Director Martin Scorsese’s ravishing dazzlement of hyperrealism and subjective perspectives is a tribute to the history of cinema but also an example of what Paris inspires in directors. Not since Jean-Piere Jeunet’s Amélie and Baz Luhrmann’s Moulin Rouge has such a celebratory style broken through all limits of physical reality to deliver cinematic ecstasy.
The constantly roving camera and rush of sounds deliver broad strokes of storytelling that overwhelm the senses. Ultra-processed, super-sharp images are highly detailed and contrasted so that textures and patterns leap out and every cobblestone is individuated. Monochromatic backgrounds are penetrated by bursts of hyper-rich primaries and figures and faces have real dimension.
The 7.1-channel soundtrack immerses you in Montparnasse Station’s whistles, hisses, and bumps from the rear and clacking clockwork cogs from the surrounds.

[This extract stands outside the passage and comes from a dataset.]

(* Let $q$ be a query with sensitivity $\Delta q$, let $\mu\in\mathbb R$, $\sigma>0$, $0\le a<c\le\infty$, and let the random scale $b$ be such that $1/b$ has the normal distribution $\mathcal N(\mu,\sigma^2)$ truncated to $[a,c]$, with moment generating function $M_{\mathcal N^T}$. Then the R$^2$DP Laplace mechanism $\mathcal M_q(d,b)=q(d)+\mathrm{Lap}(b)$ satisfies $\epsilon_{\mathcal N^T}$-differential privacy, where $$\epsilon_{\mathcal N^T}=\ln\left[\frac{\mu+\frac{\sigma(\phi(\alpha)-\phi(\beta))}{\Phi(\beta)-\Phi(\alpha)}}{\frac{dM_{\mathcal N^T}(t)}{dt}\big|_{t=-\Delta q}}\right],$$ with $\alpha=\frac{a-\mu}{\sigma}$, $\beta=\frac{c-\mu}{\sigma}$, $\phi$ the standard normal density and $\Phi$ the standard normal cumulative distribution function.
   Context: The truncated normal distribution on $[a,c]$ has density $\frac{\phi((x-\mu)/\sigma)}{\sigma(\Phi(\beta)-\Phi(\alpha))}$ for $a\le x\le c$ and $0$ otherwise. $\mathrm{Lap}(b)$ is the zero-mean Laplace distribution with density $\frac1{2b}e^{-|x|/b}$; the R$^2$DP Laplace mechanism draws the random scale $b$ (independently of the data) and adds $\mathrm{Lap}(b)$ noise to $q(d)$. $\Delta q=\max|q(d)-q(d')|$ over datasets differing in one individual's data. $\epsilon$-differential privacy: $\mathbb P(\mathcal M(d)\in S)\le e^\epsilon\mathbb P(\mathcal M(d')\in S)$ for all such $d,d'$ and measurable $S$. *)

theory Defs
  imports "HOL-Probability.Probability"
begin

Howard Shore’s accordion-based score comes at you from all sides, instruments so well separated into each channel it’s as if they were playing in different parts of your brain.

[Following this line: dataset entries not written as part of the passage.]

subsection \<open>The graph family\<close>

lemma pred_div_eq: "(t::nat) mod m \<noteq> 0 \<Longrightarrow> (t - 1) div m = t div m"
  by (cases t) (auto simp: div_Suc)

lemma pred_mod_eq: "(t::nat) mod m \<noteq> 0 \<Longrightarrow> (t - 1) mod m = t mod m - 1"
  by (cases t) (auto simp: mod_Suc)

definition paths :: "nat \<Rightarrow> nat set" where
  "paths K = {1..5*K}"

definition sources :: "nat \<Rightarrow> nat set" where
  "sources K = {5*K+1..5*K+K*K}"

definition verts :: "nat \<Rightarrow> nat set" where
  "verts K = {0..5*K+K*K}"

definition arcs :: "nat \<Rightarrow> (nat \<times> nat) set" where
  "arcs K = {(u, 0) |u. u \<in> sources K} \<union> {(0, y) |y. y \<in> paths K}
     \<union> {(y, y - 1) |y. y \<in> paths K \<and> (y - 1) mod 5 \<noteq> 0}"

definition path_index :: "nat \<Rightarrow> nat" where
  "path_index y = (y - 1) div 5"

definition path_verts :: "nat \<Rightarrow> nat \<Rightarrow> nat set" where
  "path_verts K j = {y \<in> paths K. path_index y = j}"

text \<open>Every arc increases the depth by at most one, so depths bound distances from below.\<close>
definition depth :: "nat \<Rightarrow> nat \<Rightarrow> nat" where
  "depth K x = (if x = 0 then 3 else if x \<in> paths K then 4 - (x - 1) mod 5 else 2)"

lemma card_verts: "card (verts K) = K*K + 5*K + 1"
  by (simp add: verts_def)

lemma card_paths: "card (paths K) = 5*K"
  by (simp add: paths_def)

lemma card_sources: "card (sources K) = K*K"
  by (simp add: sources_def)

lemma paths_subset_verts: "paths K \<subseteq> verts K"
  by (auto simp: paths_def verts_def)

lemma sources_subset_verts: "sources K \<subseteq> verts K"
  by (auto simp: sources_def verts_def)

lemma verts_cases: "x \<in> verts K \<Longrightarrow> x = 0 \<or> x \<in> paths K \<or> x \<in> sources K"
  by (auto simp: verts_def paths_def sources_def)

lemma source_not_path: "u \<in> sources K \<Longrightarrow> u \<notin> paths K \<and> u \<noteq> 0"
  by (auto simp: sources_def paths_def)

lemma zero_not_path: "0 \<notin> paths K"
  by (simp add: paths_def)

lemma arcs_iff:
  "(a, b) \<in> arcs K \<longleftrightarrow> (a \<in> sources K \<and> b = 0) \<or> (a = 0 \<and> b \<in> paths K)
     \<or> (a \<in> paths K \<and> (a - 1) mod 5 \<noteq> 0 \<and> b = a - 1)"
  by (auto simp: arcs_def)

lemma arcs_subset_verts: "arcs K \<subseteq> verts K \<times> verts K"
  by (auto simp: arcs_def sources_def paths_def verts_def)

lemma arc_from_path:
  assumes "(a, b) \<in> arcs K" and "a \<in> paths K"
  shows "b = a - 1 \<and> b \<in> paths K \<and> path_index b = path_index a"
proof -
  have pred: "(a - 1) mod 5 \<noteq> 0" and b: "b = a - 1"
    using assms source_not_path zero_not_path unfolding arcs_iff by auto
  then have "a - 1 \<noteq> 0" by auto
  with assms(2) pred_div_eq[OF pred] show ?thesis
    unfolding b path_index_def paths_def by auto
qed

lemma reach_from_path:
  "(a, b) \<in> (arcs K)\<^sup>* \<Longrightarrow> a \<in> paths K \<Longrightarrow> b \<in> paths K \<and> path_index b = path_index a \<and> b \<le> a"
  by (induction rule: rtrancl_induct) (auto dest: arc_from_path)

lemma arc_target: "(a, b) \<in> arcs K \<Longrightarrow> b = 0 \<or> b \<in> paths K"
  using arc_from_path unfolding arcs_iff by blast

lemma reach_cases: "(a, b) \<in> (arcs K)\<^sup>* \<Longrightarrow> b = a \<or> b = 0 \<or> b \<in> paths K"
  by (induction rule: rtrancl_induct) (auto dest: arc_target)

lemma depth_arc: "(a, b) \<in> arcs K \<Longrightarrow> depth K b \<le> depth K a + 1"
proof -
  assume ab: "(a, b) \<in> arcs K"
  show ?thesis
  proof (cases "a \<in> paths K")
    case True
    then have "b = a - 1" "b \<in> paths K" "(a - 1) mod 5 \<noteq> 0"
      using ab arc_from_path source_not_path zero_not_path unfolding arcs_iff by blast+
    then show ?thesis
      using True pred_mod_eq[of "a - 1" 5] zero_not_path by (auto simp: depth_def) arith
  next
    case False
    then show ?thesis
      using ab source_not_path zero_not_path unfolding arcs_iff by (auto simp: depth_def)
  qed
qed

lemma source_path_relpow: "u \<in> sources K \<Longrightarrow> y \<in> paths K \<Longrightarrow> (u, y) \<in> arcs K ^^ 2"
  by (auto simp: arcs_iff numeral_2_eq_2 intro: relcompI)

lemma depth_relpow: "(a, b) \<in> arcs K ^^ k \<Longrightarrow> depth K b \<le> depth K a + k"
proof (induction k arbitrary: b)
  case (Suc k)
  then obtain z where "(a, z) \<in> arcs K ^^ k" and "(z, b) \<in> arcs K" by auto
  with Suc.IH depth_arc show ?case by fastforce
qed simp

lemma powr_three_halves_square: "(x::real) > 0 \<Longrightarrow> (x ^ 2) powr (3/2) = x ^ 3"
proof -
  assume x: "x > 0"
  have "(x ^ 2) powr (3/2) = (x powr 2) powr (3/2)" using x by (simp add: powr_realpow)
  also have "\<dots> = x powr 3" by (simp add: powr_powr)
  also have "\<dots> = x ^ 3" using x by (simp add: powr_realpow)
  finally show ?thesis .
qed

lemma card_verts_powr_le:
  assumes "K \<ge> 1"
  shows "real (card (verts K)) powr (3/2) \<le> 27 * real K ^ 3"
proof -
  have "K \<le> K*K" using assms by simp
  then have "card (verts K) \<le> 9*(K*K)" using assms unfolding card_verts by linarith
  then have "real (card (verts K)) \<le> real (9*(K*K))" by (simp only: of_nat_le_iff)
  also have "\<dots> = (3 * real K) ^ 2" by (simp add: power2_eq_square)
  finally have "real (card (verts K)) powr (3/2) \<le> ((3 * real K) ^ 2) powr (3/2)"
    by (intro powr_mono2) auto
  also have "\<dots> = (3 * real K) ^ 3"
    using assms by (intro powr_three_halves_square) simp
  also have "\<dots> = 27 * real K ^ 3" by (simp add: power_mult_distrib)
  finally show ?thesis .
qed

locale path_family =
  fixes K :: nat
  assumes K_pos: "K \<ge> 1"
begin

lemma path_ends_in_path: "j < K \<Longrightarrow> 5 + 5*j \<in> path_verts K j \<and> 1 + 5*j \<in> path_verts K j"
  by (auto simp: path_verts_def paths_def path_index_def)

lemma path_ends_relpow: "j < K \<Longrightarrow> (5 + 5*j, 1 + 5*j) \<in> arcs K ^^ 4"
proof -
  assume j: "j < K"
  have "(x + 5*j, x - 1 + 5*j) \<in> arcs K" if "x \<in> {2, 3, 4, 5}" for x
    using that j unfolding arcs_iff paths_def by (auto simp: mod_Suc)
  from this[of 5] this[of 4] this[of 3] this[of 2]
  have "(5 + 5*j, 1 + 5*j) \<in> arcs K ^^ Suc (Suc (Suc (Suc 0)))"
    by simp (meson relcompI)
  then show ?thesis by (simp add: numeral_eq_Suc)
qed

lemma reach_path_ends: "j < K \<Longrightarrow> reach (arcs K) (5 + 5*j) (1 + 5*j)"
  by (rule reach_if_relpow[OF path_ends_relpow])

lemma gdist_path_ends: "j < K \<Longrightarrow> gdist (arcs K) (5 + 5*j) (1 + 5*j) = 4"
proof (rule gdist_eqI)
  assume j: "j < K"
  show "(5 + 5*j, 1 + 5*j) \<in> arcs K ^^ 4" using path_ends_relpow[OF j] .
  have "depth K (5 + 5*j) = 0" and "depth K (1 + 5*j) = 4"
    using path_ends_in_path[OF j] by (auto simp: depth_def path_verts_def)
  then show "4 \<le> m" if "(5 + 5*j, 1 + 5*j) \<in> arcs K ^^ m" for m
    using depth_relpow[OF that] by simp
qed

lemma hub_on_path_ends: "j < K \<Longrightarrow> on_sp (arcs K) (5 + 5*j) v (1 + 5*j) \<Longrightarrow> v \<in> path_verts K j"
  using reach_from_path[of "5 + 5*j" v K] path_ends_in_path[of j]
  by (auto simp: on_sp_def reach_def path_verts_def)

lemma gdist_source_path:
  assumes u: "u \<in> sources K" and y: "y \<in> paths K"
  shows "gdist (arcs K) u y = 2"
proof (rule gdist_eqI)
  show "(u, y) \<in> arcs K ^^ 2" using u y by (rule source_path_relpow)
  have "u \<noteq> y" and "(u, y) \<notin> arcs K"
    using u y by (auto simp: arcs_iff paths_def sources_def)
  then show "2 \<le> m" if "(u, y) \<in> arcs K ^^ m" for m
    using that by (cases m; cases "m - 1") auto
qed

lemma gdist_le_2_off_paths:
  assumes st: "reach (arcs K) s t" and s: "s \<notin> paths K"
  shows "gdist (arcs K) s t \<le> 2"
proof (cases "t = s")
  case False
  have "(s, t) \<in> (arcs K)\<^sup>*" using st by (simp add: reach_def)
  with False obtain z where z: "(s, z) \<in> arcs K"
    by (metis converse_rtranclE)
  have t: "t = 0 \<or> t \<in> paths K"
    using reach_cases \<open>(s, t) \<in> (arcs K)\<^sup>*\<close> False by blast
  show ?thesis
  proof (cases "s = 0")
    case True
    then show ?thesis using t False gdist_arc[of 0 t] by (auto simp: arcs_iff)
  next
    case False
    then have "s \<in> sources K" using z s by (auto simp: arcs_iff)
    then show ?thesis
      using t gdist_arc[of s 0] gdist_source_path source_not_path by (auto simp: arcs_iff)
  qed
qed (simp add: gdist_self)

lemma on_sp_source_path:
  assumes u: "u \<in> sources K" and y: "y \<in> paths K" and sp: "on_sp (arcs K) u v y"
  shows "v = u \<or> v = 0 \<or> v = y"
proof (rule ccontr)
  assume other: "\<not> ?thesis"
  have uv: "reach (arcs K) u v" and vy: "reach (arcs K) v y"
    and sum: "gdist (arcs K) u v + gdist (arcs K) v y = gdist (arcs K) u y"
    using sp by (auto simp: on_sp_def)
  have "v \<in> paths K" using reach_cases uv other by (auto simp: reach_def)
  then have "gdist (arcs K) u v = 2" using gdist_source_path[OF u] by simp
  moreover have "gdist (arcs K) v y \<noteq> 0" using gdist_eq_0D[OF vy] other by auto
  ultimately show False using sum gdist_source_path[OF u y] by linarith
qed

lemma center_weight_off_paths:
  assumes x: "x \<in> verts K" "x \<notin> paths K"
  shows "center_weight (verts K) (arcs K) Lf Lb x < card (verts K) ^ 4"
proof -
  let ?V = "verts K" and ?n = "card (verts K)"
  let ?A = "center_arcs ?V (arcs K) Lf Lb x"
  have sub: "?A \<subseteq> (?V - paths K) \<times> ?V"
  proof (rule subrelI)
    fix s t assume "(s, t) \<in> ?A"
    then have "s \<in> ?V" "t \<in> ?V" "on_sp (arcs K) s x t"
      by (auto simp: center_arcs_def uncovered_def)
    moreover have "s \<notin> paths K"
      using reach_from_path[of s x] calculation(3) x(2) by (auto simp: on_sp_def reach_def)
    ultimately show "(s, t) \<in> (?V - paths K) \<times> ?V" by auto
  qed
  have fin: "finite ?V" by (simp add: verts_def)
  have "center_weight ?V (arcs K) Lf Lb x \<le> (\<Sum>p\<in>?A. ?n^2)"
    unfolding center_weight_def
  proof (rule sum_mono, clarify)
    fix s t assume st: "(s, t) \<in> ?A"
    then have "gdist (arcs K) s t \<le> 2"
      using sub gdist_le_2_off_paths by (auto simp: center_arcs_def uncovered_def)
    then show "pweight ?V (arcs K) s t \<le> ?n^2"
      using fin by (intro pweight_le_if_gdist_le_2) (auto simp: verts_def)
  qed
  also have "\<dots> = card ?A * ?n^2" by simp
  also have "\<dots> \<le> card ((?V - paths K) \<times> ?V) * ?n^2"
    using sub fin by (intro mult_right_mono card_mono) auto
  also have "card ((?V - paths K) \<times> ?V) = (?n - 5*K) * ?n"
    using fin paths_subset_verts[of K]
    by (simp add: card_cartesian_product card_Diff_subset finite_subset card_paths)
  also have "(?n - 5*K) * ?n * ?n^2 < ?n * ?n * ?n^2"
    using K_pos by (intro mult_strict_right_mono) (auto simp: card_verts)
  finally show ?thesis by (simp add: power_def)
qed

lemma center_weight_path_top:
  assumes j: "j < K" and unc: "(5 + 5*j, 1 + 5*j) \<in> uncovered (verts K) (arcs K) Lf Lb"
  shows "card (verts K) ^ 4 \<le> center_weight (verts K) (arcs K) Lf Lb (5 + 5*j)"
proof -
  let ?A = "center_arcs (verts K) (arcs K) Lf Lb (5 + 5*j)"
  have mem: "(5 + 5*j, 1 + 5*j) \<in> ?A"
    using unc on_sp_source[OF reach_path_ends[OF j]] by (simp add: center_arcs_def)
  have "?A \<subseteq> verts K \<times> verts K" by (auto simp: center_arcs_def uncovered_def)
  then have "finite ?A" by (rule finite_subset) (simp add: verts_def)
  from member_le_sum[OF mem _ this, of "\<lambda>(a, b). pweight (verts K) (arcs K) a b"]
    pweight_if_gdist_4[OF gdist_path_ends[OF j]]
  show ?thesis
    by (simp add: center_weight_def)
qed

lemma uncovered_path_ends:
  assumes j: "j < K" and labels: "\<And>x. Lf x \<subseteq> S" and S: "S \<inter> path_verts K j = {}"
  shows "(5 + 5*j, 1 + 5*j) \<in> uncovered (verts K) (arcs K) Lf Lb"
  using reach_path_ends[OF j] path_ends_in_path[OF j] hub_on_path_ends[OF j] labels S
    paths_subset_verts
  by (fastforce simp: uncovered_def covers_def path_verts_def)

subsection \<open>Lower bound for d-HHL\<close>

context
  fixes vs :: "nat list"
  assumes run: "dHHL_run (verts K) (arcs K) vs"
begin

abbreviation prefix_labels :: "nat \<Rightarrow> (nat \<Rightarrow> nat set) \<times> (nat \<Rightarrow> nat set)" where
  "prefix_labels i \<equiv> labels_after (verts K) (arcs K) (take i vs)"

lemma run_selects_paths_first:
  assumes "i \<le> length vs" and j: "j < K" and avoid: "set (take i vs) \<inter> path_verts K j = {}"
  shows "set (take i vs) \<subseteq> paths K"
  using assms(1) avoid
proof (induction i)
  case (Suc i)
  then have i: "i < length vs" by simp
  have prefix_Suc: "take (Suc i) vs = take i vs @ [vs ! i]"
    using i by (simp add: take_Suc_conv_app_nth)
  have avoid_i: "set (take i vs) \<inter> path_verts K j = {}"
    using Suc.prems(2) unfolding prefix_Suc by auto
  have unc: "(5 + 5*j, 1 + 5*j) \<in> uncovered (verts K) (arcs K)
      (fst (prefix_labels i)) (snd (prefix_labels i))"
    by (rule uncovered_path_ends[OF j _ avoid_i]) (simp add: fst_labels_after_subset)
  have "5 + 5*j \<in> verts K - set (take i vs)"
    using path_ends_in_path[OF j] avoid_i paths_subset_verts by (auto simp: path_verts_def)
  from dHHL_run_selects_max[OF run i this] center_weight_path_top[OF j unc]
  have "card (verts K) ^ 4 \<le> center_weight (verts K) (arcs K)
      (fst (prefix_labels i)) (snd (prefix_labels i)) (vs ! i)"
    by linarith
  moreover have "vs ! i \<in> verts K"
    using run i by (auto simp: dHHL_run_def)
  ultimately have "vs ! i \<in> paths K"
    using center_weight_off_paths not_le by blast
  then show ?case using Suc i avoid_i unfolding prefix_Suc by auto
qed simp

The film's technical brilliance (it won Oscars for Art Direction, Cinematography, Sound Editing, Sound Mixing, and Visual Effects) pays off in home theater happiness.
Video: 1.85:1. Audio: DTS-HD Master Audio 7.1. Extras: five featurettes: Shoot the Moon, The Cinemagician: Georges Méliès, The Mechanical Man at the Heart of Hugo, Big Effects — Small Scale, Sacha Baron Cohen: Role of a Lifetime; DVD and UltraViolet Digital Copy for streaming/downloading. Studio: Paramount.